==== Input data

lemma alpha_T_eq_trace_hausdorff:
  assumes metric: "is_metric01 dA" and G: "\<forall>g\<in>G. unit_valued g"
    and peak: "\<forall>\<epsilon>>0. \<forall>x. \<exists>g\<in>G. g x = 1 \<and> (\<forall>x'. tminus (g x) (g x') \<ge> alpha_S G x x' - \<epsilon>)"
    and "G \<subseteq> F" and "\<And>a f. f \<in> F \<Longrightarrow> circ T dA a f \<in> F"
    and F: "\<forall>f\<in>F. trace_nonexpansive T dA (alpha_S G) f"
  shows "alpha_T F X1 X2 = trace_hausdorff T dA (alpha_S G) X1 X2"
proof (rule antisym)
  have d0: "\<forall>x y. 0 \<le> alpha_S G x y \<and> alpha_S G x y \<le> 1" using alpha_S_bounds[OF G] by blast
  show "alpha_T F X1 X2 \<le> trace_hausdorff T dA (alpha_S G) X1 X2"
    using metric d0 F by (rule alpha_T_le_trace_hausdorff)
  show "trace_hausdorff T dA (alpha_S G) X1 X2 \<le> alpha_T F X1 X2"
    using trace_hausdorff_le_alpha_T[OF metric d0 G peak assms(4,5)] F trace_nonexpansiveD(1) by blast
qed

lemma lo'_subset_lo_T: "lo' T dA F \<subseteq> lo_T T dA F"
  unfolding lo'_def lo_T_def by (blast intro: cl_base)

lemma cl_sh_mono: "F \<subseteq> F' \<Longrightarrow> cl_sh F \<subseteq> cl_sh F'"
proof
  fix f assume "F \<subseteq> F'" and "f \<in> cl_sh F"
  then show "f \<in> cl_sh F'" by (induction rule: cl_sh.induct[OF \<open>f \<in> cl_sh F\<close>]) (auto intro: cl_sh.intros)
qed

lemma mono_lo_T: "mono (\<lambda>F. lo_T T dA F \<union> G)"
  unfolding mono_def lo_T_def using cl_sh_mono by blast

lemma mono_lo': "mono (\<lambda>F. lo' T dA F \<union> G)"
  unfolding mono_def lo'_def by blast

lemma lo_T_trace_nonexpansive:
  assumes "is_metric01 dA" and "\<forall>f\<in>F. trace_nonexpansive T dA d0 f"
  shows "\<forall>f\<in>lo_T T dA F. trace_nonexpansive T dA d0 f"
  unfolding lo_T_def using assms
  by (auto intro: trace_nonexpansive_circ trace_nonexpansive_cl_sh trace_nonexpansive_one)

lemma alpha_T_lfp_eq_trace_hausdorff:
  assumes metric: "is_metric01 dA" and G: "\<forall>g\<in>G. unit_valued g"
    and peak: "\<forall>\<epsilon>>0. \<forall>x. \<exists>g\<in>G. g x = 1 \<and> (\<forall>x'. tminus (g x) (g x') \<ge> alpha_S G x x' - \<epsilon>)"
    and "mono \<Phi>" and lo'_G: "\<And>F. lo' T dA F \<union> G \<subseteq> \<Phi> F"
    and "\<Phi> {f. trace_nonexpansive T dA (alpha_S G) f} \<subseteq> {f. trace_nonexpansive T dA (alpha_S G) f}"
  shows "alpha_T (lfp \<Phi>) X1 X2 = trace_hausdorff T dA (alpha_S G) X1 X2"
proof (rule alpha_T_eq_trace_hausdorff[OF metric G peak])
  have unfold: "lfp \<Phi> = \<Phi> (lfp \<Phi>)" using \<open>mono \<Phi>\<close> by (rule lfp_unfold)
  show "G \<subseteq> lfp \<Phi>" using lo'_G unfold by blast
  show "circ T dA a f \<in> lfp \<Phi>" if "f \<in> lfp \<Phi>" for a f
    using lo'_G[of "lfp \<Phi>"] unfold that unfolding lo'_def by blast
  show "\<forall>f\<in>lfp \<Phi>. trace_nonexpansive T dA (alpha_S G) f"
    using lfp_lowerbound[of \<Phi>, OF assms(6)] by blast
qed

theorem mainTheorem4:
  fixes T :: "('x \<times> 'a \<times> 'x) set" and dA :: "'a \<Rightarrow> 'a \<Rightarrow> real"
    and G :: "('x \<Rightarrow> real) set"
  assumes "is_metric01 dA"
    and "\<forall>g\<in>G. \<forall>x. 0 \<le> g x \<and> g x \<le> 1"
    and "\<forall>\<epsilon>>0. \<forall>x. \<exists>g\<in>G. g x = 1 \<and>
           (\<forall>x'. tminus (g x) (g x') \<ge> alpha_S G x x' - \<epsilon>)"
  shows "(\<forall>X1 X2. alpha_T (lfp (\<lambda>F. lo_T T dA F \<union> G)) X1 X2
                  = trace_hausdorff T dA (alpha_S G) X1 X2)
       \<and> (\<forall>X1 X2. alpha_T (lfp (\<lambda>F. lo' T dA F \<union> G)) X1 X2
                  = trace_hausdorff T dA (alpha_S G) X1 X2)"
proof -
  let ?N = "{f. trace_nonexpansive T dA (alpha_S G) f}"
  have "lo_T T dA ?N \<subseteq> ?N" using lo_T_trace_nonexpansive[OF assms(1), of ?N] by blast
  moreover have "G \<subseteq> ?N" using trace_nonexpansive_alpha_S[OF assms(2)] by blast
  ultimately have lo_T_N: "lo_T T dA ?N \<union> G \<subseteq> ?N" by blast
  with lo'_subset_lo_T have lo'_N: "lo' T dA ?N \<union> G \<subseteq> ?N" by blast
  have "alpha_T (lfp (\<lambda>F. lo_T T dA F \<union> G)) X1 X2 = trace_hausdorff T dA (alpha_S G) X1 X2" for X1 X2
    using lo'_subset_lo_T lo_T_N by (intro alpha_T_lfp_eq_trace_hausdorff[OF assms mono_lo_T]) blast+
  moreover have "alpha_T (lfp (\<lambda>F. lo' T dA F \<union> G)) X1 X2 = trace_hausdorff T dA (alpha_S G) X1 X2"
    for X1 X2
    using lo'_N by (intro alpha_T_lfp_eq_trace_hausdorff[OF assms mono_lo']) blast+
  ultimately show ?thesis by blast
qed

end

========

▶ _What is needed_
Exactly one number should be given, showing how many lines of the material above contain the string "intro".

▶ _Your response_
5